We can now check out if we need to make any changes to the predictorMatrix
argument.
pred <- imp0$predictorMatrix
pred
## height BMI hypten DM cohort DBP bili SBP hypchol creat WC age
## height 0 1 1 1 0 1 1 1 1 1 1 1
## BMI 1 0 1 1 0 1 1 1 1 1 1 1
## hypten 1 1 0 1 0 1 1 1 1 1 1 1
## DM 0 0 0 0 0 0 0 0 0 0 0 0
## cohort 0 0 0 0 0 0 0 0 0 0 0 0
## DBP 1 1 1 1 0 0 1 1 1 1 1 1
## bili 1 1 1 1 0 1 0 1 1 1 1 1
## SBP 1 1 1 1 0 1 1 0 1 1 1 1
## hypchol 1 1 1 1 0 1 1 1 0 1 1 1
## creat 1 1 1 1 0 1 1 1 1 0 1 1
## WC 1 1 1 1 0 1 1 1 1 1 0 1
## age 0 0 0 0 0 0 0 0 0 0 0 0
## HyperMed 1 1 1 1 0 1 1 1 1 1 1 1
## weight 1 1 1 1 0 1 1 1 1 1 1 1
## chol 1 1 1 1 0 1 1 1 1 1 1 1
## educ 1 1 1 1 0 1 1 1 1 1 1 1
## alc 1 1 1 1 0 1 1 1 1 1 1 1
## albu 1 1 1 1 0 1 1 1 1 1 1 1
## race 0 0 0 0 0 0 0 0 0 0 0 0
## HDL 1 1 1 1 0 1 1 1 1 1 1 1
## uricacid 1 1 1 1 0 1 1 1 1 1 1 1
## smoke 1 1 1 1 0 1 1 1 1 1 1 1
## gender 0 0 0 0 0 0 0 0 0 0 0 0
## HyperMed weight chol educ alc albu race HDL uricacid smoke gender
## height 1 1 1 1 1 1 1 1 1 1 1
## BMI 1 1 1 1 1 1 1 1 1 1 1
## hypten 1 1 1 1 1 1 1 1 1 1 1
## DM 0 0 0 0 0 0 0 0 0 0 0
## cohort 0 0 0 0 0 0 0 0 0 0 0
## DBP 1 1 1 1 1 1 1 1 1 1 1
## bili 1 1 1 1 1 1 1 1 1 1 1
## SBP 1 1 1 1 1 1 1 1 1 1 1
## hypchol 1 1 1 1 1 1 1 1 1 1 1
## creat 1 1 1 1 1 1 1 1 1 1 1
## WC 1 1 1 1 1 1 1 1 1 1 1
## age 0 0 0 0 0 0 0 0 0 0 0
## HyperMed 0 1 1 1 1 1 1 1 1 1 1
## weight 1 0 1 1 1 1 1 1 1 1 1
## chol 1 1 0 1 1 1 1 1 1 1 1
## educ 1 1 1 0 1 1 1 1 1 1 1
## alc 1 1 1 1 0 1 1 1 1 1 1
## albu 1 1 1 1 1 0 1 1 1 1 1
## race 0 0 0 0 0 0 0 0 0 0 0
## HDL 1 1 1 1 1 1 1 0 1 1 1
## uricacid 1 1 1 1 1 1 1 1 0 1 1
## smoke 1 1 1 1 1 1 1 1 1 0 1
## gender 0 0 0 0 0 0 0 0 0 0 0
Remember that we wanted to impute height
and weight
separately? But let’s use BMI
to impute the other variables. And since HyperMed
does not give us a lot more information than hypten
, but has a lot more missing values, we do not want to use it as a predictor variable.

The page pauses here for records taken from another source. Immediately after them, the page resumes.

(* Let $(\mathcal A,\Delta)$ be a weak bigraded Batalin-Vilkovisky algebra with bigraded Gerstenhaber bracket $[\cdot,\cdot]$ generated by $\Delta$, and let $\delta$ be an $R$-linear operator on $\mathcal A$ of bidegree $(1,0)$ which is a derivation of degree $1$ of the bigraded $R$-algebra $\mathcal A$. Then the following are equivalent: (i) $\delta[x,y]=[\delta x,y]-(-1)^{|x|}[x,\delta y]$ for all homogeneous $x,y\in\mathcal A$; (ii) the graded commutator $[\delta,\Delta]=\delta\Delta+\Delta\delta$ is a derivation of degree $0$ of the bigraded algebra $\mathcal A$, i.e. $[\delta,\Delta](ab)=([\delta,\Delta]a)b+a([\delta,\Delta]b)$ for all $a,b\in\mathcal A$.
   Context: $R$ is a commutative ring. A bigraded Gerstenhaber algebra is a bigraded commutative $R$-algebra $\mathcal A$ (signs governed by the total degree $|\cdot|$, the sum of the two degrees) with an $R$-bilinear bracket of bidegree $(0,-1)$ which becomes a bigraded Lie bracket when the second degree is lowered by one, such that for $a$ of bidegree $(p,q)$, $[a,\cdot]$ is a derivation of bidegree $(p,q-1)$. An $R$-linear operator $\Delta$ of bidegree $(0,-1)$ generates the bracket if $[a,b]=(-1)^{|a|}\big(\Delta(ab)-(\Delta a)b-(-1)^{|a|}a(\Delta b)\big)$ for all homogeneous $a,b$. A weak bigraded Batalin-Vilkovisky algebra is a bigraded Gerstenhaber algebra together with such a generator. *)

theory Defs
  imports Complex_Main
begin

definition sgnp :: "int \<Rightarrow> 'a::ab_group_add \<Rightarrow> 'a" where
  "sgnp k x = (if even k then x else - x)"

definition r_linear :: "('r::comm_ring_1 \<Rightarrow> 'a::ab_group_add \<Rightarrow> 'a) \<Rightarrow> ('a \<Rightarrow> 'a) \<Rightarrow> bool" where
  "r_linear scale f \<longleftrightarrow> (\<forall>x y. f (x + y) = f x + f y) \<and> (\<forall>r x. f (scale r x) = scale r (f x))"

text \<open>A bigraded R-module: the whole type is the direct sum of the submodules G p q.\<close>
definition bigraded_module :: "('r::comm_ring_1 \<Rightarrow> 'a::ab_group_add \<Rightarrow> 'a) \<Rightarrow> (int \<Rightarrow> int \<Rightarrow> 'a set) \<Rightarrow> bool" where
  "bigraded_module scale G \<longleftrightarrow>
     module scale \<and>
     (\<forall>p q. 0 \<in> G p q \<and> (\<forall>x\<in>G p q. \<forall>y\<in>G p q. x + y \<in> G p q) \<and> (\<forall>r. \<forall>x\<in>G p q. scale r x \<in> G p q)) \<and>
     (\<forall>x. \<exists>S c. finite S \<and> (\<forall>pq\<in>S. c pq \<in> G (fst pq) (snd pq)) \<and> x = sum c S) \<and>
     (\<forall>S c. finite S \<and> (\<forall>pq\<in>S. c pq \<in> G (fst pq) (snd pq)) \<and> sum c S = 0
            \<longrightarrow> (\<forall>pq\<in>S. c pq = 0))"

text \<open>A bigraded commutative R-algebra (associative multiplication of the ring type),
  signs governed by the total degree p+q.\<close>
definition bigraded_comm_algebra :: "('r::comm_ring_1 \<Rightarrow> 'a::ring \<Rightarrow> 'a) \<Rightarrow> (int \<Rightarrow> int \<Rightarrow> 'a set) \<Rightarrow> bool" where
  "bigraded_comm_algebra scale G \<longleftrightarrow>
     bigraded_module scale G \<and>
     (\<forall>r a b. scale r (a * b) = scale r a * b \<and> scale r (a * b) = a * scale r b) \<and>
     (\<forall>p q p' q' a b. a \<in> G p q \<longrightarrow> b \<in> G p' q' \<longrightarrow> a * b \<in> G (p + p') (q + q')) \<and>
     (\<forall>p q p' q' a b. a \<in> G p q \<longrightarrow> b \<in> G p' q' \<longrightarrow> a * b = sgnp ((p + q) * (p' + q')) (b * a))"

text \<open>A bigraded Gerstenhaber algebra: bracket of bidegree (0,-1), R-bilinear, a bigraded Lie
  bracket after lowering the second degree by one, and [a,-] a derivation of bidegree (p,q-1).\<close>
definition bigraded_gerstenhaber :: "('r::comm_ring_1 \<Rightarrow> 'a::ring \<Rightarrow> 'a) \<Rightarrow> (int \<Rightarrow> int \<Rightarrow> 'a set)
     \<Rightarrow> ('a \<Rightarrow> 'a \<Rightarrow> 'a) \<Rightarrow> bool" where
  "bigraded_gerstenhaber scale G br \<longleftrightarrow>
     bigraded_comm_algebra scale G \<and>
     (\<forall>a. r_linear scale (br a)) \<and> (\<forall>b. r_linear scale (\<lambda>a. br a b)) \<and>
     (\<forall>p q p' q' a b. a \<in> G p q \<longrightarrow> b \<in> G p' q' \<longrightarrow> br a b \<in> G (p + p') (q + q' - 1)) \<and>
     (\<forall>p q p' q' a b. a \<in> G p q \<longrightarrow> b \<in> G p' q' \<longrightarrow>
        br a b = - sgnp ((p + q - 1) * (p' + q' - 1)) (br b a)) \<and>
     (\<forall>p q p' q' p'' q'' a b c. a \<in> G p q \<longrightarrow> b \<in> G p' q' \<longrightarrow> c \<in> G p'' q'' \<longrightarrow>
        br a (br b c) = br (br a b) c + sgnp ((p + q - 1) * (p' + q' - 1)) (br b (br a c))) \<and>
     (\<forall>p q p' q' a b c. a \<in> G p q \<longrightarrow> b \<in> G p' q' \<longrightarrow>
        br a (b * c) = br a b * c + sgnp ((p + q - 1) * (p' + q')) (b * br a c))"

definition generates_bracket :: "(int \<Rightarrow> int \<Rightarrow> 'a::ring set) \<Rightarrow> ('a \<Rightarrow> 'a \<Rightarrow> 'a) \<Rightarrow> ('a \<Rightarrow> 'a) \<Rightarrow> bool" where
  "generates_bracket G br \<Delta> \<longleftrightarrow>
     (\<forall>p q p' q' a b. a \<in> G p q \<longrightarrow> b \<in> G p' q' \<longrightarrow>
        br a b = sgnp (p + q) (\<Delta> (a * b) - \<Delta> a * b - sgnp (p + q) (a * \<Delta> b)))"

definition weak_bigraded_BV :: "('r::comm_ring_1 \<Rightarrow> 'a::ring \<Rightarrow> 'a) \<Rightarrow> (int \<Rightarrow> int \<Rightarrow> 'a set)
     \<Rightarrow> ('a \<Rightarrow> 'a \<Rightarrow> 'a) \<Rightarrow> ('a \<Rightarrow> 'a) \<Rightarrow> bool" where
  "weak_bigraded_BV scale G br \<Delta> \<longleftrightarrow>
     bigraded_gerstenhaber scale G br \<and>
     r_linear scale \<Delta> \<and>
     (\<forall>p q a. a \<in> G p q \<longrightarrow> \<Delta> a \<in> G p (q - 1)) \<and>
     generates_bracket G br \<Delta>"

end

theory Submission
  imports Defs
begin

text \<open>For homogeneous \<open>a\<close> of total degree \<open>n\<close>, expanding \<open>\<Delta>\<close> of products through the
  bracket it generates and \<open>\<delta>\<close> of products through its Leibniz rule shows that the failure of
  \<open>[\<delta>,\<Delta>]\<close> to be a derivation on \<open>a, b\<close> is
  \<open>(-1)\<^sup>n (\<delta>[a,b] - [\<delta>a,b] + (-1)\<^sup>n [a,\<delta>b])\<close>.
  Hence (i) says exactly that this biadditive defect vanishes on homogeneous pairs, and since every
  element is a finite sum of homogeneous ones, that it vanishes identically, which is (ii).\<close>

lemma sgnp_even [simp]: "even k \<Longrightarrow> sgnp k x = x"
  by (simp add: sgnp_def)

lemma sgnp_odd [simp]: "odd k \<Longrightarrow> sgnp k x = - x"
  by (simp add: sgnp_def)

lemma sgnp_eq_0_iff [simp]: "sgnp k x = 0 \<longleftrightarrow> x = 0"
  by (simp add: sgnp_def)

lemma r_linear_imp_additive: "r_linear scale f \<Longrightarrow> additive f"
  by (simp add: r_linear_def additive_def)

definition derivation_defect :: "('a::ring \<Rightarrow> 'a) \<Rightarrow> 'a \<Rightarrow> 'a \<Rightarrow> 'a" where
  "derivation_defect D a b = D (a * b) - (D a * b + a * D b)"

lemma additive_derivation_defect_left:
  "additive D \<Longrightarrow> additive (\<lambda>a. derivation_defect D a b)"
  by (simp add: additive_def derivation_defect_def algebra_simps)

lemma additive_derivation_defect_right:
  "additive D \<Longrightarrow> additive (\<lambda>b. derivation_defect D a b)"
  by (simp add: additive_def derivation_defect_def algebra_simps)

lemma additive_graded_commutator:
  "additive \<delta> \<Longrightarrow> additive \<Delta> \<Longrightarrow> additive (\<lambda>x. \<delta> (\<Delta> x) + \<Delta> (\<delta> x))"
  by (simp add: additive_def)

lemma generated_bracket_solve_mult:
  "br a b = sgnp n (\<Delta> (a * b) - \<Delta> a * b - sgnp n (a * \<Delta> b)) \<Longrightarrow>
   \<Delta> (a * b) = sgnp n (br a b) + \<Delta> a * b + sgnp n (a * \<Delta> b)"
  by (cases "even n") (simp_all add: algebra_simps)

text \<open>Here \<open>n\<close> stands for the total degree of \<open>a\<close>, so that \<open>\<delta> a\<close> and \<open>\<Delta> a\<close> have total
  degrees \<open>n + 1\<close> and \<open>n - 1\<close>.\<close>
lemma derivation_defect_graded_commutator:
  fixes \<delta> \<Delta> :: "'a::ring \<Rightarrow> 'a"
  assumes "additive \<delta>" "additive \<Delta>"
    and gen_ab: "br a b = sgnp n (\<Delta> (a * b) - \<Delta> a * b - sgnp n (a * \<Delta> b))"
    and gen_\<delta>a_b: "br (\<delta> a) b = sgnp (n + 1) (\<Delta> (\<delta> a * b) - \<Delta> (\<delta> a) * b - sgnp (n + 1) (\<delta> a * \<Delta> b))"
    and gen_a_\<delta>b: "br a (\<delta> b) = sgnp n (\<Delta> (a * \<delta> b) - \<Delta> a * \<delta> b - sgnp n (a * \<Delta> (\<delta> b)))"
    and leibniz_ab: "\<delta> (a * b) = \<delta> a * b + sgnp n (a * \<delta> b)"
    and leibniz_\<Delta>a_b: "\<delta> (\<Delta> a * b) = \<delta> (\<Delta> a) * b + sgnp (n - 1) (\<Delta> a * \<delta> b)"
    and leibniz_a_\<Delta>b: "\<delta> (a * \<Delta> b) = \<delta> a * \<Delta> b + sgnp n (a * \<delta> (\<Delta> b))"
  shows "derivation_defect (\<lambda>x. \<delta> (\<Delta> x) + \<Delta> (\<delta> x)) a b
           = sgnp n (\<delta> (br a b) - br (\<delta> a) b + sgnp n (br a (\<delta> b)))"
proof -
  interpret \<delta>: additive \<delta> by fact
  interpret \<Delta>: additive \<Delta> by fact
  note \<Delta>_ab = generated_bracket_solve_mult[where br = br and \<Delta> = \<Delta>, OF gen_ab]
  note \<Delta>_\<delta>a_b = generated_bracket_solve_mult[where br = br and \<Delta> = \<Delta>, OF gen_\<delta>a_b]
  note \<Delta>_a_\<delta>b = generated_bracket_solve_mult[where br = br and \<Delta> = \<Delta>, OF gen_a_\<delta>b]
  show ?thesis
    by (cases "even n")
      (simp_all add: derivation_defect_def \<Delta>_ab \<Delta>_\<delta>a_b \<Delta>_a_\<delta>b leibniz_ab leibniz_\<Delta>a_b
        leibniz_a_\<Delta>b \<delta>.add \<delta>.minus \<delta>.diff \<Delta>.add \<Delta>.minus \<Delta>.diff algebra_simps)
qed

lemma weak_bigraded_BV_derivation_defect_commutator:
  assumes BV: "weak_bigraded_BV scale G br \<Delta>" and "additive \<delta>"
    and bideg: "\<And>p q a. a \<in> G p q \<Longrightarrow> \<delta> a \<in> G (p + 1) q"
    and leibniz: "\<And>p q a b. a \<in> G p q \<Longrightarrow> \<delta> (a * b) = \<delta> a * b + sgnp (p + q) (a * \<delta> b)"
    and a: "a \<in> G p q" and b: "b \<in> G p' q'"
  shows "derivation_defect (\<lambda>x. \<delta> (\<Delta> x) + \<Delta> (\<delta> x)) a b
           = sgnp (p + q) (\<delta> (br a b) - br (\<delta> a) b + sgnp (p + q) (br a (\<delta> b)))"
proof -
  have "additive \<Delta>"
    using BV r_linear_imp_additive by (auto simp: weak_bigraded_BV_def)
  have \<Delta>_bideg: "\<And>p q a. a \<in> G p q \<Longrightarrow> \<Delta> a \<in> G p (q - 1)"
    using BV by (simp add: weak_bigraded_BV_def)
  have gen: "\<And>p q p' q' a b. a \<in> G p q \<Longrightarrow> b \<in> G p' q' \<Longrightarrow>
      br a b = sgnp (p + q) (\<Delta> (a * b) - \<Delta> a * b - sgnp (p + q) (a * \<Delta> b))"
    using BV by (simp add: weak_bigraded_BV_def generates_bracket_def)
  show ?thesis
  proof (rule derivation_defect_graded_commutator[OF \<open>additive \<delta>\<close> \<open>additive \<Delta>\<close>])
    show "br a b = sgnp (p + q) (\<Delta> (a * b) - \<Delta> a * b - sgnp (p + q) (a * \<Delta> b))"
      using gen[OF a b] .
    show "br (\<delta> a) b = sgnp (p + q + 1)
        (\<Delta> (\<delta> a * b) - \<Delta> (\<delta> a) * b - sgnp (p + q + 1) (\<delta> a * \<Delta> b))"
      using gen[OF bideg[OF a] b] by (simp add: add.commute add.left_commute)
    show "br a (\<delta> b) = sgnp (p + q) (\<Delta> (a * \<delta> b) - \<Delta> a * \<delta> b - sgnp (p + q) (a * \<Delta> (\<delta> b)))"
      using gen[OF a bideg[OF b]] .
    show "\<delta> (a * b) = \<delta> a * b + sgnp (p + q) (a * \<delta> b)"
      using leibniz[OF a] .
    show "\<delta> (\<Delta> a * b) = \<delta> (\<Delta> a) * b + sgnp (p + q - 1) (\<Delta> a * \<delta> b)"
      using leibniz[OF \<Delta>_bideg[OF a]] by (simp add: add_diff_eq)
    show "\<delta> (a * \<Delta> b) = \<delta> a * \<Delta> b + sgnp (p + q) (a * \<delta> (\<Delta> b))"
      using leibniz[OF a] .
  qed
qed

lemma bigraded_module_homogeneous_decomposition:
  assumes "bigraded_module scale G"
  obtains S c where "finite S" "\<forall>pq\<in>S. c pq \<in> G (fst pq) (snd pq)" "x = sum c S"
proof -
  have "\<forall>x. \<exists>S c. finite S \<and> (\<forall>pq\<in>S. c pq \<in> G (fst pq) (snd pq)) \<and> x = sum c S"
    using assms unfolding bigraded_module_def by (elim conjE)
  then show ?thesis
    using that by blast
qed

lemma additive_eq_0_if_eq_0_on_homogeneous:
  assumes "bigraded_module scale G" "additive f"
    and "\<And>p q x. x \<in> G p q \<Longrightarrow> f x = 0"
  shows "f x = 0"
proof -
  obtain S c where "finite S" and homogeneous: "\<forall>pq\<in>S. c pq \<in> G (fst pq) (snd pq)"
    and "x = sum c S"
    using bigraded_module_homogeneous_decomposition[OF assms(1)] .
  then have "f x = (\<Sum>pq\<in>S. f (c pq))"
    using additive.sum[OF assms(2)] by simp
  also have "\<dots> = 0"
    using homogeneous assms(3) by (intro sum.neutral) blast
  finally show ?thesis .
qed

lemma biadditive_eq_0_if_eq_0_on_homogeneous:
  assumes "bigraded_module scale G"
    and "\<And>b. additive (\<lambda>a. F a b)" "\<And>a. additive (\<lambda>b. F a b)"
    and "\<And>p q p' q' a b. a \<in> G p q \<Longrightarrow> b \<in> G p' q' \<Longrightarrow> F a b = 0"
  shows "F a b = 0"
proof -
  have "F a b = 0" if "a \<in> G p q" for a p q
    using additive_eq_0_if_eq_0_on_homogeneous[OF assms(1,3)] assms(4) that by blast
  then show ?thesis
    using additive_eq_0_if_eq_0_on_homogeneous[OF assms(1,2)] by blast
qed

theorem lemma5p4p2:
  fixes scale :: "'r::comm_ring_1 \<Rightarrow> 'a::ring \<Rightarrow> 'a"
    and G :: "int \<Rightarrow> int \<Rightarrow> 'a set"
    and br :: "'a \<Rightarrow> 'a \<Rightarrow> 'a"
    and \<Delta> \<delta> :: "'a \<Rightarrow> 'a"
  assumes BV: "weak_bigraded_BV scale G br \<Delta>"
    and lin: "r_linear scale \<delta>"
    and bideg: "\<forall>p q a. a \<in> G p q \<longrightarrow> \<delta> a \<in> G (p + 1) q"
    and der: "\<forall>p q a b. a \<in> G p q \<longrightarrow> \<delta> (a * b) = \<delta> a * b + sgnp (p + q) (a * \<delta> b)"
  shows "(\<forall>p q p' q' x y. x \<in> G p q \<longrightarrow> y \<in> G p' q' \<longrightarrow>
            \<delta> (br x y) = br (\<delta> x) y - sgnp (p + q) (br x (\<delta> y)))
     \<longleftrightarrow> (\<forall>a b. (\<delta> (\<Delta> (a * b)) + \<Delta> (\<delta> (a * b)))
                 = (\<delta> (\<Delta> a) + \<Delta> (\<delta> a)) * b + a * (\<delta> (\<Delta> b) + \<Delta> (\<delta> b)))"
proof -
  have module: "bigraded_module scale G"
    using BV by (simp add: weak_bigraded_BV_def bigraded_gerstenhaber_def bigraded_comm_algebra_def)
  have "additive \<delta>" "additive \<Delta>"
    using lin BV r_linear_imp_additive by (auto simp: weak_bigraded_BV_def)
  let ?D = "\<lambda>x. \<delta> (\<Delta> x) + \<Delta> (\<delta> x)"
  note defect = weak_bigraded_BV_derivation_defect_commutator[OF BV \<open>additive \<delta>\<close>
      bideg[rule_format] der[rule_format]]
  have "(\<forall>p q p' q' x y. x \<in> G p q \<longrightarrow> y \<in> G p' q' \<longrightarrow>
            \<delta> (br x y) = br (\<delta> x) y - sgnp (p + q) (br x (\<delta> y)))
      \<longleftrightarrow> (\<forall>p q p' q' a b. a \<in> G p q \<longrightarrow> b \<in> G p' q' \<longrightarrow> derivation_defect ?D a b = 0)"
    using defect by (simp add: diff_add_eq eq_diff_eq)
  also have "\<dots> \<longleftrightarrow> (\<forall>a b. derivation_defect ?D a b = 0)"
    using biadditive_eq_0_if_eq_0_on_homogeneous[OF module
        additive_derivation_defect_left additive_derivation_defect_right]
      additive_graded_commutator[OF \<open>additive \<delta>\<close> \<open>additive \<Delta>\<close>]
    by blast
  finally show ?thesis
    by (simp add: derivation_defect_def)
qed

end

Go ahead and apply the necessary changes to pred
and meth
:
For passive imputation, you need to specify the formula used to calculate BMI in meth using "~I(...)"
.
pred[c("height", "weight"), "BMI"] <- 0
pred[, c("height", "weight")] <- 0
pred["height", "weight"] <- 1
pred["weight", "height"] <- 1
pred[, "HyperMed"] <- 0
pred["chol", "hypchol"] <- 0
meth["BMI"] <- "~I(weight/height^2)"
meth["HyperMed"] <- ""
To make sure that the imputed values of BMI
match the imputed values of height
and weight
,BMI
needs to be imputed after height
and weight
. Get the visitSequence
from imp0
(using imp0$visitSequence
) and change it if necessary.
visSeq <- imp0$visitSequence
# the lazy version:
visSeq <- c(visSeq[-2], visSeq[2])
# the save version:
# To make sure you still do the correct thing if the order of the columns in
# NHANES would change
which_BMI <- match("BMI", names(visSeq))
visSeq <- c(visSeq[-which_BMI], visSeq[which_BMI])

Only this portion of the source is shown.